(* Let $(Y_1,\dots,Y_N)$ be multinomially distributed with $2N$ trials and $N$ categories each of probability $1/N$, and consider the random degree sequence $(d_i^-,d_i^+)_{i\in[N]}$ with $d_i^-=Y_i$ and $d_i^+=2$. Then there is a constant $K>0$ such that $$\mathbb{P}\{(d_i^-,d_i^+)_{i\in[N]}\text{ is proper}\}\to1\quad\text{as }N\to\infty.$$
   Context: For a degree sequence $(d_i^-,d_i^+)_{i\in[N]}$ with $d_i^+=2$ for all $i$, let $\xi_k^N=\frac1N\#\{i: d_i^-=k\}$ and let $\Delta^N$ be the maximal in- or out-degree. Such a sequence is called proper (with constant $K>0$, not depending on $N$) if (C1) $\sum_{k}k^2\xi_k^N\le K$ and (C2) $\Delta^N\le N^{1/12}/\log N$. *)

theory Defs
  imports "HOL-Probability.Probability"
begin

text \<open>Multinomial distribution with 2N trials and N equiprobable categories,
realised as the law of the occupation counts of 2N balls thrown independently
and uniformly into the N bins 0..N-1. The result is a count vector
Y :: nat => nat (Y i = number of balls in bin i, for i < N; Y i = 0 otherwise).\<close>
definition multinomial_2N :: "nat \<Rightarrow> (nat \<Rightarrow> nat) pmf" where
  "multinomial_2N N =
     map_pmf (\<lambda>f i. card {j \<in> {0..<2*N}. f j = i})
       (pmf_of_set (PiE {0..<2*N} (\<lambda>_. {0..<N})))"

definition xi :: "nat \<Rightarrow> (nat \<Rightarrow> nat) \<Rightarrow> nat \<Rightarrow> real" where
  "xi N din k = real (card {i \<in> {0..<N}. din i = k}) / real N"

definition maxdeg :: "nat \<Rightarrow> (nat \<Rightarrow> nat) \<Rightarrow> (nat \<Rightarrow> nat) \<Rightarrow> nat" where
  "maxdeg N din dout = Max (din ` {0..<N} \<union> dout ` {0..<N} \<union> {0})"

text \<open>Properness with constant K: (C1) sum_k k^2 xi_k <= K (the sum ranges over
the finitely many k with xi_k possibly nonzero), (C2) Delta <= N^(1/12)/log N.\<close>
definition proper :: "real \<Rightarrow> nat \<Rightarrow> (nat \<Rightarrow> nat) \<Rightarrow> (nat \<Rightarrow> nat) \<Rightarrow> bool" where
  "proper K N din dout \<longleftrightarrow>
     (\<Sum>k\<in>din ` {0..<N}. real k ^ 2 * xi N din k) \<le> K \<and>
     real (maxdeg N din dout) \<le> real N powr (1/12) / ln (real N)"

end

theory Submission
  imports Defs "HOL-Real_Asymp.Real_Asymp"
begin

(*
  Throw 2N balls independently and uniformly into N bins and let Y be the occupancy vector.
  Condition (C1) amounts to \<Sum> Y_i^2 = O(N). Since \<Sum> Y_i^2 = 2N + D, where D counts the ordered
  pairs of distinct balls landing in the same bin, it suffices that D stays within N of its mean
  2(2N-1); each pair collides with probability 1/N and two different pairs collide jointly with
  probability 1/N^2 (or 1/N if one is the reverse of the other), so Var D \<le> 2 E D \<le> 8N and
  Chebyshev bounds the failure probability by 8/N. Condition (C2) fails only if some bin receives
  m > x = N^(1/12)/log N balls, which by a union bound over bins and m-sets of balls has
  probability at most N binom(2N,m) N^(-m) \<le> N 2^m/m! \<le> 16N/2^x \<longrightarrow> 0.
*)

definition off_diagonal :: "'a set \<Rightarrow> ('a \<times> 'a) set" where
  "off_diagonal I = {p \<in> I \<times> I. fst p \<noteq> snd p}"

definition collisions :: "'a set \<Rightarrow> ('a \<Rightarrow> 'b) \<Rightarrow> real" where
  "collisions I f = (\<Sum>p\<in>off_diagonal I. of_bool (f (fst p) = f (snd p)))"

definition occupancy :: "'a set \<Rightarrow> ('a \<Rightarrow> 'b) \<Rightarrow> 'b \<Rightarrow> nat" where
  "occupancy I f x = card {j \<in> I. f j = x}"

lemma finite_off_diagonal [simp]: "finite I \<Longrightarrow> finite (off_diagonal I)"
  by (simp add: off_diagonal_def)

lemma card_off_diagonal_le: "finite I \<Longrightarrow> card (off_diagonal I) \<le> card I ^ 2"
  unfolding off_diagonal_def power2_eq_square card_cartesian_product[symmetric]
  by (rule card_mono) auto

lemma swap_in_off_diagonal: "p \<in> off_diagonal I \<Longrightarrow> prod.swap p \<in> off_diagonal I \<and> prod.swap p \<noteq> p"
  by (cases p) (auto simp: off_diagonal_def)

lemma card_eq_sum_card_fibres:
  assumes "finite S" "finite T" "g ` S \<subseteq> T"
  shows "card S = (\<Sum>y\<in>T. card {x \<in> S. g x = y})"
  using sum.group[OF assms, of "\<lambda>_. 1 :: nat"] by simp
....
** Exercise details **
Write out every line from the records above, word for word.

** Response to the exercise **
(* Let $(Y_1,\dots,Y_N)$ be multinomially distributed with $2N$ trials and $N$ categories each of probability $1/N$, and consider the random degree sequence $(d_i^-,d_i^+)_{i\in[N]}$ with $d_i^-=Y_i$ and $d_i^+=2$. Then there is a constant $K>0$ such that $$\mathbb{P}\{(d_i^-,d_i^+)_{i\in[N]}\text{ is proper}\}\to1\quad\text{as }N\to\infty.$$
   Context: For a degree sequence $(d_i^-,d_i^+)_{i\in[N]}$ with $d_i^+=2$ for all $i$, let $\xi_k^N=\frac1N\#\{i: d_i^-=k\}$ and let $\Delta^N$ be the maximal in- or out-degree. Such a sequence is called proper (with constant $K>0$, not depending on $N$) if (C1) $\sum_{k}k^2\xi_k^N\le K$ and (C2) $\Delta^N\le N^{1/12}/\log N$. *)

theory Defs
  imports "HOL-Probability.Probability"
begin

text \<open>Multinomial distribution with 2N trials and N equiprobable categories,
realised as the law of the occupation counts of 2N balls thrown independently
and uniformly into the N bins 0..N-1. The result is a count vector
Y :: nat => nat (Y i = number of balls in bin i, for i < N; Y i = 0 otherwise).\<close>
definition multinomial_2N :: "nat \<Rightarrow> (nat \<Rightarrow> nat) pmf" where
  "multinomial_2N N =
     map_pmf (\<lambda>f i. card {j \<in> {0..<2*N}. f j = i})
       (pmf_of_set (PiE {0..<2*N} (\<lambda>_. {0..<N})))"

definition xi :: "nat \<Rightarrow> (nat \<Rightarrow> nat) \<Rightarrow> nat \<Rightarrow> real" where
  "xi N din k = real (card {i \<in> {0..<N}. din i = k}) / real N"

definition maxdeg :: "nat \<Rightarrow> (nat \<Rightarrow> nat) \<Rightarrow> (nat \<Rightarrow> nat) \<Rightarrow> nat" where
  "maxdeg N din dout = Max (din ` {0..<N} \<union> dout ` {0..<N} \<union> {0})"

text \<open>Properness with constant K: (C1) sum_k k^2 xi_k <= K (the sum ranges over
the finitely many k with xi_k possibly nonzero), (C2) Delta <= N^(1/12)/log N.\<close>
definition proper :: "real \<Rightarrow> nat \<Rightarrow> (nat \<Rightarrow> nat) \<Rightarrow> (nat \<Rightarrow> nat) \<Rightarrow> bool" where
  "proper K N din dout \<longleftrightarrow>
     (\<Sum>k\<in>din ` {0..<N}. real k ^ 2 * xi N din k) \<le> K \<and>
     real (maxdeg N din dout) \<le> real N powr (1/12) / ln (real N)"

end

theory Submission
  imports Defs "HOL-Real_Asymp.Real_Asymp"
begin

(*
  Throw 2N balls independently and uniformly into N bins and let Y be the occupancy vector.
  Condition (C1) amounts to \<Sum> Y_i^2 = O(N). Since \<Sum> Y_i^2 = 2N + D, where D counts the ordered
  pairs of distinct balls landing in the same bin, it suffices that D stays within N of its mean
  2(2N-1); each pair collides with probability 1/N and two different pairs collide jointly with
  probability 1/N^2 (or 1/N if one is the reverse of the other), so Var D \<le> 2 E D \<le> 8N and
  Chebyshev bounds the failure probability by 8/N. Condition (C2) fails only if some bin receives
  m > x = N^(1/12)/log N balls, which by a union bound over bins and m-sets of balls has
  probability at most N binom(2N,m) N^(-m) \<le> N 2^m/m! \<le> 16N/2^x \<longrightarrow> 0.
*)

definition off_diagonal :: "'a set \<Rightarrow> ('a \<times> 'a) set" where
  "off_diagonal I = {p \<in> I \<times> I. fst p \<noteq> snd p}"

definition collisions :: "'a set \<Rightarrow> ('a \<Rightarrow> 'b) \<Rightarrow> real" where
  "collisions I f = (\<Sum>p\<in>off_diagonal I. of_bool (f (fst p) = f (snd p)))"

definition occupancy :: "'a set \<Rightarrow> ('a \<Rightarrow> 'b) \<Rightarrow> 'b \<Rightarrow> nat" where
  "occupancy I f x = card {j \<in> I. f j = x}"

lemma finite_off_diagonal [simp]: "finite I \<Longrightarrow> finite (off_diagonal I)"
  by (simp add: off_diagonal_def)

lemma card_off_diagonal_le: "finite I \<Longrightarrow> card (off_diagonal I) \<le> card I ^ 2"
  unfolding off_diagonal_def power2_eq_square card_cartesian_product[symmetric]
  by (rule card_mono) auto

lemma swap_in_off_diagonal: "p \<in> off_diagonal I \<Longrightarrow> prod.swap p \<in> off_diagonal I \<and> prod.swap p \<noteq> p"
  by (cases p) (auto simp: off_diagonal_def)

lemma card_eq_sum_card_fibres:
  assumes "finite S" "finite T" "g ` S \<subseteq> T"
  shows "card S = (\<Sum>y\<in>T. card {x \<in> S. g x = y})"
  using sum.group[OF assms, of "\<lambda>_. 1 :: nat"] by simp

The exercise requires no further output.